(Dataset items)

(* Let $k$ be a unital commutative ring, $n$ a positive integer, and let $\varepsilon\in k$ be invertible. Then there exist isomorphisms of graded $k$-modules \[\operatorname{Tor}_{\star}^{\mathcal{PR}_n(\varepsilon)}(\mathbf{1},\mathbf{1})\cong\begin{cases}k&\star=0\\0&\star>0\end{cases}\quad\text{and}\quad\operatorname{Ext}^{\star}_{\mathcal{PR}_n(\varepsilon)}(\mathbf{1},\mathbf{1})\cong\begin{cases}k&\star=0\\0&\star>0.\end{cases}\]
   Context: A rook $n$-diagram is a graph on vertices $1,\dots,n$ (left column, top to bottom) and $\bar1,\dots,\bar n$ (right column), drawn in the rectangle they span, each of whose connected components is either an isolated vertex or a single edge joining a left vertex to a right vertex (a propagating edge); it is planar if no two edges cross. The rook algebra $\mathcal{R}_n(\varepsilon)$ is the free $k$-module on rook $n$-diagrams with product: identify the right column of $d_1$ with the left column of $d_2$ (middle column); let $\beta$ be the number of isolated vertices in the middle column; let $d_3$ join two outer vertices iff they are joined by a path; $d_1d_2=\varepsilon^\beta d_3$. The planar rook algebra $\mathcal{PR}_n(\varepsilon)$ is its subalgebra spanned by planar rook $n$-diagrams. The augmentation $\tau$ sends diagrams with $n$ propagating edges to $1$ and all others to $0$; $\mathbf{1}$ is $k$ with the algebra acting via $\tau$. *)

theory Defs
  imports Main
begin

text \<open>A rook n-diagram is encoded by its set of propagating edges (i, j),
meaning left vertex i is joined to right vertex j (vertices numbered 1..n,
top to bottom).  Every other vertex is isolated.\<close>

type_synonym diagram = "(nat \<times> nat) set"

definition rook_diagram :: "nat \<Rightarrow> diagram \<Rightarrow> bool" where
  "rook_diagram n d \<longleftrightarrow> d \<subseteq> {1..n} \<times> {1..n}
     \<and> (\<forall>i j j'. (i, j) \<in> d \<longrightarrow> (i, j') \<in> d \<longrightarrow> j = j')
     \<and> (\<forall>i i' j. (i, j) \<in> d \<longrightarrow> (i', j) \<in> d \<longrightarrow> i = i')"

definition planar_diagram :: "diagram \<Rightarrow> bool" where
  "planar_diagram d \<longleftrightarrow> (\<forall>i j i' j'. (i, j) \<in> d \<longrightarrow> (i', j') \<in> d \<longrightarrow> i < i' \<longrightarrow> j < j')"

definition PR_diagrams :: "nat \<Rightarrow> diagram set" where
  "PR_diagrams n = {d. rook_diagram n d \<and> planar_diagram d}"

text \<open>Product of diagrams: d1 d2 = eps^beta d3, with d3 = composite relation
and beta = number of isolated vertices in the middle column.\<close>
definition mid_isolated :: "nat \<Rightarrow> diagram \<Rightarrow> diagram \<Rightarrow> nat" where
  "mid_isolated n d1 d2 = card ({1..n} - (Range d1 \<union> Domain d2))"

definition diag_comp :: "diagram \<Rightarrow> diagram \<Rightarrow> diagram" where
  "diag_comp d1 d2 = d1 O d2"

definition augmentation :: "nat \<Rightarrow> diagram \<Rightarrow> 'k::comm_ring_1" where
  "augmentation n d = (if card d = n then 1 else 0)"

text \<open>PR_n(eps) is free over k with basis the planar rook n-diagrams, so
Tor^A(1,1) is the homology of the (unnormalised) bar complex
1 \<otimes>_A B(A) \<otimes>_A 1, whose degree-m term is A^{\<otimes> m}, free with basis
the words of length m in planar diagrams; Ext_A(1,1) is the cohomology of the
k-dual complex.  Chains/cochains are k-valued functions on words supported on
the basis words.\<close>

definition bar_words :: "nat \<Rightarrow> nat \<Rightarrow> diagram list set" where
  "bar_words n m = {ws. length ws = m \<and> set ws \<subseteq> PR_diagrams n}"

text \<open>Coefficient of the basis word w in the boundary of the basis word ws:
d[d_1|...|d_m] = tau(d_1)[d_2|...|d_m]
   + sum_{i=1}^{m-1} (-1)^i [d_1|...|d_i d_{i+1}|...|d_m]
   + (-1)^m tau(d_m)[d_1|...|d_{m-1}].\<close>
definition bar_bdry_basis :: "nat \<Rightarrow> 'k::comm_ring_1 \<Rightarrow> diagram list \<Rightarrow> diagram list \<Rightarrow> 'k" where
  "bar_bdry_basis n eps ws w =
     (if ws = [] then 0 else
        augmentation n (hd ws) * (if w = tl ws then 1 else 0)
      + (\<Sum>i\<in>{1..<length ws}.
           (-1) ^ i * eps ^ mid_isolated n (ws ! (i - 1)) (ws ! i)
           * (if w = take (i - 1) ws @ [diag_comp (ws ! (i - 1)) (ws ! i)] @ drop (i + 1) ws
              then 1 else 0))
      + (-1) ^ length ws * augmentation n (last ws) * (if w = butlast ws then 1 else 0))"

definition bar_chains :: "nat \<Rightarrow> nat \<Rightarrow> (diagram list \<Rightarrow> 'k::comm_ring_1) set" where
  "bar_chains n m = {c. \<forall>w. w \<notin> bar_words n m \<longrightarrow> c w = 0}"

definition bar_bdry :: "nat \<Rightarrow> 'k::comm_ring_1 \<Rightarrow> nat \<Rightarrow> (diagram list \<Rightarrow> 'k) \<Rightarrow> (diagram list \<Rightarrow> 'k)" where
  "bar_bdry n eps m c = (\<lambda>w. \<Sum>u\<in>bar_words n m. c u * bar_bdry_basis n eps u w)"

definition Tor_cycles :: "nat \<Rightarrow> 'k::comm_ring_1 \<Rightarrow> nat \<Rightarrow> (diagram list \<Rightarrow> 'k) set" where
  "Tor_cycles n eps m = {c \<in> bar_chains n m. bar_bdry n eps m c = (\<lambda>_. 0)}"

definition Tor_boundaries :: "nat \<Rightarrow> 'k::comm_ring_1 \<Rightarrow> nat \<Rightarrow> (diagram list \<Rightarrow> 'k) set" where
  "Tor_boundaries n eps m = bar_bdry n eps (Suc m) ` bar_chains n (Suc m)"

definition bar_cobdry :: "nat \<Rightarrow> 'k::comm_ring_1 \<Rightarrow> nat \<Rightarrow> (diagram list \<Rightarrow> 'k) \<Rightarrow> (diagram list \<Rightarrow> 'k)" where
  "bar_cobdry n eps m f = (\<lambda>u. if u \<in> bar_words n (Suc m)
        then (\<Sum>w\<in>bar_words n m. bar_bdry_basis n eps u w * f w) else 0)"

definition Ext_cocycles :: "nat \<Rightarrow> 'k::comm_ring_1 \<Rightarrow> nat \<Rightarrow> (diagram list \<Rightarrow> 'k) set" where
  "Ext_cocycles n eps m = {f \<in> bar_chains n m. bar_cobdry n eps m f = (\<lambda>_. 0)}"

definition Ext_coboundaries :: "nat \<Rightarrow> 'k::comm_ring_1 \<Rightarrow> nat \<Rightarrow> (diagram list \<Rightarrow> 'k) set" where
  "Ext_coboundaries n eps m =
     (case m of 0 \<Rightarrow> {\<lambda>_. 0} | Suc p \<Rightarrow> bar_cobdry n eps p ` bar_chains n p)"

text \<open>Z/B is isomorphic to k as a k-module: there is a k-linear surjection
Z \<rightarrow> k with kernel exactly B (first isomorphism theorem).\<close>
definition quotient_iso_ring :: "('a \<Rightarrow> 'k::comm_ring_1) set \<Rightarrow> ('a \<Rightarrow> 'k) set \<Rightarrow> bool" where
  "quotient_iso_ring Z B \<longleftrightarrow> (\<exists>f :: ('a \<Rightarrow> 'k) \<Rightarrow> 'k.
      (\<forall>c\<in>Z. \<forall>c'\<in>Z. \<forall>a b. f (\<lambda>x. a * c x + b * c' x) = a * f c + b * f c')
      \<and> f ` Z = UNIV \<and> {c \<in> Z. f c = 0} = B)"

definition quotient_zero :: "('a \<Rightarrow> 'k) set \<Rightarrow> ('a \<Rightarrow> 'k) set \<Rightarrow> bool" where
  "quotient_zero Z B \<longleftrightarrow> Z \<subseteq> B"

end

theory Submission
  imports Defs
begin

text \<open>Let \<open>E = \<Sum>\<^sub>S (- 1/eps)^(n - |S|) Id\<^sub>S\<close>, summed over \<open>S \<subseteq> {1..n}\<close>, where \<open>Id\<^sub>S\<close> is the
  partial identity on \<open>S\<close>. Then \<open>a E = tau(a) E\<close> for every planar rook diagram \<open>a\<close>: the only
  planar rook diagram with \<open>n\<close> propagating edges is the identity, and otherwise some right
  vertex \<open>j\<close> of \<open>a\<close> is isolated, so the terms of \<open>a E\<close> for \<open>S\<close> and \<open>S \<union> {j}\<close> are the same
  diagram, the first with one more isolated middle vertex, and they cancel. Moreover
  \<open>tau(E) = 1\<close>. Hence appending \<open>E\<close>, \<open>[a\<^sub>1|...|a\<^sub>m] \<mapsto> [a\<^sub>1|...|a\<^sub>m|E]\<close>, is a contracting
  homotopy of the bar complex in positive degrees, and its transpose contracts the dual
  complex. In degree 0 both differentials vanish and both complexes are \<open>k\<close>.\<close>

lemma finite_PR_diagrams: "finite (PR_diagrams n)"
proof (rule finite_subset)
  show "PR_diagrams n \<subseteq> Pow ({1..n} \<times> {1..n})"
    by (auto simp: PR_diagrams_def rook_diagram_def)
qed simp

lemma finite_bar_words: "finite (bar_words n m)"
  using finite_lists_length_eq[OF finite_PR_diagrams, of n m]
  by (simp add: bar_words_def conj_commute)

lemma bar_words_0: "bar_words n 0 = {[]}"
  by (auto simp: bar_words_def)

lemma length_bar_words: "v \<in> bar_words n m \<Longrightarrow> length v = m"
  by (simp add: bar_words_def)

lemma last_bar_words: "v \<in> bar_words n m \<Longrightarrow> v \<noteq> [] \<Longrightarrow> last v \<in> PR_diagrams n"
  by (auto simp: bar_words_def)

◆ Goal of the exercise: I'd like the number of lines above that contain the word "first", and nothing besides that number.

◆ Output of the task: 2